Сергей сел на камень и вынул книжку. Он некоторое время рассматривал желтую обложку и обдумывал каждый раз удивляющую его фамилию издателя: «Антик». Под гул шторма особенно трогали бедные страсти и страдания странных, слабых людей – Минуты, седой девушки Марты, печальная судьба Нагеля. Он читал, и внутри у него жгло нетерпение, и он нарочно сдерживал себя, не уходил от моря. А тяжелые волны ударяли о берег с такой силой, что он жмурился каждый раз и, опуская книжку, пережидал, пока пройдет особенно сильный грохот.

Он не слышал, как подошла к нему Олеся, и не удивился, увидя ее рядом с собой. На ней была белая матросская блуза, синий тяжелый воротник поднимался над ее головой, и она, стараясь повернуться лицом к ветру, говорила что-то Сергею, но он не слышал из-за шума и только смотрел на ее сердитое лицо. Она наклонилась к его уху и сказала:

– Какой ужас в море! Я вас позвать пришла. Завтракать нужно.

Он вдохнул запах ее кожи и ошалел. По смешному выражению его лица она поняла, что сейчас он объяснится с ней. Она хотела этого и, сердясь на себя, пошла к морю. Во внезапно наступившей для них обоих тишине он обнял ее, и она прижалась к нему и спрятала лицо на его груди. Он поцеловал несколько раз ее затылок, испытывая странное чувство, он так и не мог понять – счастья или ужаса. Его вдруг поразила мысль: он стоит слабый, худой, и эта девушка, прячущая лицо на его груди, а вокруг шторм, и тучи над горами, и все равнодушно и враждебно человеку. А в нескольких шагах – несчастный этот ручеек вбегает в ревущее море. «Как смерть ребенка», – подумал Сергей. И от этого внезапно пришедшего чувства тоски, слабости своей среди рева моря, под страшными тучами, растерянность охватила его, жалость к Олесе, – вот он обманывает ее, он не сможет ее защитить; тоска и страх оттого, что он и любовь его беспомощны в мире могучих и равнодушных сил.
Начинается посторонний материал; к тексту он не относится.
lemma mean_pos:
  assumes p: "halfline_pdf p" and "integrable (law p) (\<lambda>y. y)" and "(\<integral>y. y \<partial>law p) = w"
  shows "0 < w"
proof -
  have [measurable]: "p \<in> borel_measurable borel" and nn: "\<And>y. 0 \<le> p y"
    and neg: "\<And>y. y < 0 \<Longrightarrow> p y = 0"
    using halfline_pdfD[OF p] by auto
  have int: "integrable lborel (\<lambda>y. p y * y)" and w: "(\<integral>y. p y * y \<partial>lborel) = w"
    using assms by (simp_all add: integrable_law_iff[OF p] integral_law[OF p])
  have ae_nonneg: "AE y in lborel. 0 \<le> p y * y"
    using nn neg by (intro AE_I2) (metis mult_nonneg_nonneg not_le mult_zero_left)
  then have "0 \<le> w" unfolding w[symmetric] by (rule integral_nonneg_AE)
  moreover have "w \<noteq> 0"
  proof
    assume "w = 0"
    then have "AE y in lborel. p y * y = 0"
      using integral_nonneg_eq_0_iff_AE[OF int ae_nonneg] w by simp
    then have "AE y in lborel. p y = 0"
      using AE_lborel_singleton[of 0] by eventually_elim auto
    then have "AE y in lborel. ennreal (p y) = 0" by (auto elim: eventually_mono)
    then have "(\<integral>\<^sup>+y. ennreal (p y) \<partial>lborel) = (\<integral>\<^sup>+y. 0 \<partial>(lborel :: real measure))"
      by (rule nn_integral_cong_AE)
    then show False using nn_integral_halfline_pdf[OF p] by simp
  qed
  ultimately show ?thesis by simp
qed

lemma erlang_1_mean:
  assumes l: "0 < l"
  shows "integrable (law (erlang_density 1 l)) (\<lambda>y. y)"
    and "(\<integral>y. y \<partial>law (erlang_density 1 l)) = 2 / l"
proof -
  have "has_bochner_integral lborel (\<lambda>y. erlang_density 1 l y * y) (2 / l)"
  proof (rule has_bochner_integral_nn_integral)
    show "(\<integral>\<^sup>+y. ennreal (erlang_density 1 l y * y) \<partial>lborel) = ennreal (2 / l)"
      using nn_integral_erlang_ith_moment[OF l, of 1 1] by simp
  qed (use l in \<open>auto intro!: AE_I2 simp: erlang_density_def\<close>)
  then show "integrable (law (erlang_density 1 l)) (\<lambda>y. y)"
    and "(\<integral>y. y \<partial>law (erlang_density 1 l)) = 2 / l"
    using integrable_law_iff[OF halfline_pdf_erlang_1[OF l], of "\<lambda>y. y"]
      integral_law[OF halfline_pdf_erlang_1[OF l], of "\<lambda>y. y"]
    by (auto intro: integrable.intros dest: has_bochner_integral_integral_eq)
qed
«Что за проклятие вечно думать, – мелькнула у него мысль, – в такую минуту. Ведь больше не будет ее, ведь это первая минута любви».
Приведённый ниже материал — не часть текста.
lemma rho_weyl:
  obtains gamma where "cmod gamma = 1"
    "\<And>Phi. Phi \<in> schwartz_chi v e chi \<Longrightarrow>
       rho (0, 1, -1, 0) Phi = (\<lambda>x. gamma * fourier v q e tau lam Phi (lconj x))"
proof -
  have "\<exists>gamma. cmod gamma = 1 \<and> (\<forall>Phi \<in> schwartz_chi v e chi.
      rho (0, 1, -1, 0) Phi = (\<lambda>x. gamma * fourier v q e tau lam Phi (lconj x)))"
    using weil unfolding weil_rep_def Let_def by (elim conjE) assumption
  then show ?thesis using that by blast
qed

text \<open>Invariance under the unipotents of K_n gives tau (u N x) = 1 for u in p^n wherever
  Psi x \<noteq> 0, so p^(n + v (N x)) lies in the kernel of tau.\<close>
lemma support_of_unipotent_invariant:
  assumes Psi: "Psi \<in> schwartz_chi v e chi"
    and invariant: "\<And>u. u \<in> PF v (int n) \<Longrightarrow> rho (1, u, 0, 1) Psi = Psi"
    and nonzero: "Psi x \<noteq> 0" and s: "2 * s \<le> c - int n + 1"
  shows "x \<in> PL v s"
proof (cases "x = (0, 0)")
  case False
  have Nx: "lnorm e x \<noteq> 0" "v (lnorm e x) = 2 * vL x" using v_lnorm[OF False] by auto
  have "tau z = 1" if z: "z \<in> PF v (int n + 2 * vL x)" for z
  proof (cases "z = 0")
    case True
    then show ?thesis using tau_trivial_iff[of c] by auto
  next
    case False
    define u where "u = z / lnorm e x"
    have "u \<in> PF v (int n)" using z False Nx by (simp add: u_def v_divide mem_PF_iff)
    then have "tau (u * lnorm e x) * Psi x = Psi x"
      using invariant rho_upper_unipotent[OF Psi] by metis
    moreover have "u * lnorm e x = z" using Nx by (simp add: u_def)
    ultimately show ?thesis using nonzero by simp
  qed
  then have "c \<le> int n + 2 * vL x" using tau_trivial_iff by blast
  with s have "s \<le> vL x" by linarith
  then show ?thesis by (simp add: mem_PL_iff)
qed simp

lemma fixed_vectorD:
  assumes "Phi \<in> fixed_vectors v e chi rho n"
  shows "Phi \<in> schwartz_chi v e chi" "g \<in> Kcong v n \<Longrightarrow> rho g Phi = Phi"
  using assms by (auto simp: fixed_vectors_def)

lemma unipotents_in_Kcong:
  assumes "u \<in> PF v (int n)"
  shows "(1, u, 0, 1) \<in> Kcong v n" "(1, 0, - u, 1) \<in> Kcong v n"
  using assms by (auto simp: Kcong_def PF_minus_iff)

lemma fixed_vector_support:
  assumes "Phi \<in> fixed_vectors v e chi rho n" "Phi x \<noteq> 0" "2 * s \<le> c - int n + 1"
  shows "x \<in> PL v s"
  using assms support_of_unipotent_invariant fixed_vectorD unipotents_in_Kcong by blast

text \<open>rho w Phi is again invariant under the upper unipotents of K_n, because
  w (1, 0; -u, 1) = (1, u; 0, 1) w.\<close>
lemma fourier_support_of_fixed_vector:
  assumes fixed: "Phi \<in> fixed_vectors v e chi rho n"
    and nonzero: "fourier v q e tau lam Phi y \<noteq> 0" and s: "2 * s \<le> c - int n + 1"
  shows "y \<in> PL v s"
proof -
  define w :: "'f mat2" where "w = (0, 1, -1, 0)"
  have w: "w \<in> Gplus e" by (rule det_one_in_Gplus) (simp add: w_def)
  have Phi: "Phi \<in> schwartz_chi v e chi" by (rule fixed_vectorD(1)[OF fixed])
  obtain gamma where gamma: "cmod gamma = 1"
    and weyl: "rho w Phi = (\<lambda>x. gamma * fourier v q e tau lam Phi (lconj x))"
    using rho_weyl Phi unfolding w_def by metis
  have "rho (1, u, 0, 1) (rho w Phi) = rho w Phi" if u: "u \<in> PF v (int n)" for u
  proof -
    have G: "(1, u, 0, 1) \<in> Gplus e" "(1, 0, - u, 1) \<in> Gplus e" by (auto intro!: det_one_in_Gplus)
    have "rho (1, u, 0, 1) (rho w Phi) = rho (mmul (1, u, 0, 1) w) Phi"
      using rho_mmul[OF G(1) w Phi] by simp
    also have "mmul (1, u, 0, 1) w = mmul w (1, 0, - u, 1)" by (simp add: w_def)
    also have "rho \<dots> Phi = rho w (rho (1, 0, - u, 1) Phi)" by (rule rho_mmul[OF w G(2) Phi])
    also have "rho (1, 0, - u, 1) Phi = Phi" by (rule fixed_vectorD(2)[OF fixed unipotents_in_Kcong(2)[OF u]])
    finally show ?thesis .
  qed
  moreover have "rho w Phi (lconj y) \<noteq> 0" using nonzero gamma by (auto simp: weyl lconj_lconj)
  ultimately have "lconj y \<in> PL v s"
    using support_of_unipotent_invariant[OF rho_closed[OF w Phi] _ _ s] by blast
  then show ?thesis using PL_lconj lconj_lconj by metis
qed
На обратном пути Олеся не смотрела на него, а он, уже возбужденный и радостный, держал ее руку и, столбенея от страсти, думал о ее груди. Гул моря сразу перестал глушить, и тучи не были видны под густой зеленью молодых дубов.
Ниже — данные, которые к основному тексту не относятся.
lemma bessel_suminf_le: "(\<Sum>n. (cmod (cinner x (f n)))\<^sup>2) \<le> B * (norm x)\<^sup>2"
  using bessel by (simp add: bessel_sequence_def)

text \<open>The synthesis operator is bounded by \<open>\<surd>B\<close>: pair \<open>v = \<Sum> c\<^sub>n f\<^sub>n\<close> with itself and apply
  Cauchy--Schwarz in \<open>\<ell>\<^sup>2\<close> and the Bessel bound to the coefficients \<open>\<langle>v, f\<^sub>n\<rangle>\<close>.\<close>
lemma norm_sum_scaleC_le: "norm (\<Sum>n\<in>A. c n *\<^sub>C f n) \<le> sqrt B * sqrt (\<Sum>n\<in>A. (cmod (c n))\<^sup>2)"
proof (cases "finite A")
  case True
  define v where "v = (\<Sum>n\<in>A. c n *\<^sub>C f n)"
  define s where "s = sqrt (\<Sum>n\<in>A. (cmod (c n))\<^sup>2)"
  have "(norm v)\<^sup>2 = cmod (cinner v v)"
    by (metis cinner_self norm_of_real abs_of_nonneg zero_le_power2)
  also have "cinner v v = (\<Sum>n\<in>A. c n * cinner (f n) v)"
    unfolding v_def by (simp add: cinner.sum_left cinner_scaleC_left)
  also have "cmod \<dots> \<le> s * sqrt (\<Sum>n\<in>A. (cmod (cinner v (f n)))\<^sup>2)"
    using cmod_sum_mult_le[of c "\<lambda>n. cinner (f n) v" A]
    by (simp add: s_def cinner_commute[of "f _" v])
  also have "\<dots> \<le> s * sqrt (B * (norm v)\<^sup>2)"
  proof -
    have "(\<Sum>n\<in>A. (cmod (cinner v (f n)))\<^sup>2) \<le> (\<Sum>n. (cmod (cinner v (f n)))\<^sup>2)"
      using True bessel_summable by (intro sum_le_suminf) auto
    then show ?thesis
      using bessel_suminf_le[of v] by (intro mult_left_mono) (auto simp: s_def sum_nonneg)
  qed
  also have "\<dots> = (s * sqrt B) * norm v"
    by (simp add: real_sqrt_mult)
  finally have "norm v * norm v \<le> (s * sqrt B) * norm v"
    by (simp add: power2_eq_square)
  then have "norm v \<le> s * sqrt B"
    using bessel_bound_nonneg by (cases "v = 0") (auto simp: s_def sum_nonneg)
  then show ?thesis
    by (simp add: v_def s_def mult.commute)
qed (simp add: bessel_bound_nonneg)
Вечером он видел, как на мирной, широкой, устланной сеном тачанке, под конвоем городового, увозили Игноровского. Но это событие, глубоко потрясшее всех криничан, мелькнуло по поверхности его сознания и тотчас нырнуло вглубь. Олеся... Олеся... Олеся... Лишь через много лет вдруг выплыло скорбное, надменное лицо Лидии Владимировны, ставшей на колени и поцеловавшей руку Игноровского, бледные старики, хмурое и расстроенное лицо Веньямина и сам преступник, тонким голоском крикнувший с тачанки: «Простите, если можете, это я вас толкнул на страшный грех», – и растерявшийся городовой, глядящий на непонятное ему прощание с поджигателем.

Ночью долго шел в комнате злой спор, часто переходивший в ругательные крики, оскорбления. На шум голосов зашли криничане, пришел сам Веньямин. Гриша, лохматый, полуголый, стоя посреди комнаты и подняв в руке незажженную четвериковую свечку, веско говорил:

– Все это само себя взрывает к чертовой матери. Никакой сюсюкающей любви, а одни лишь принципы революционного марксизма – вот что решит все ваши проблемы. Массы пролетариата! Социал-демократия! Вот! А народники, всякие эсеры и особенно вы, толстовцы, только путаетесь в ногах у пролетариата. Массовые стачки рабочих, борьба с отвратительным либерализмом, борьба с царем – вот вопросы русской жизни! А ваши бури в стакане воды – им всем грош цена!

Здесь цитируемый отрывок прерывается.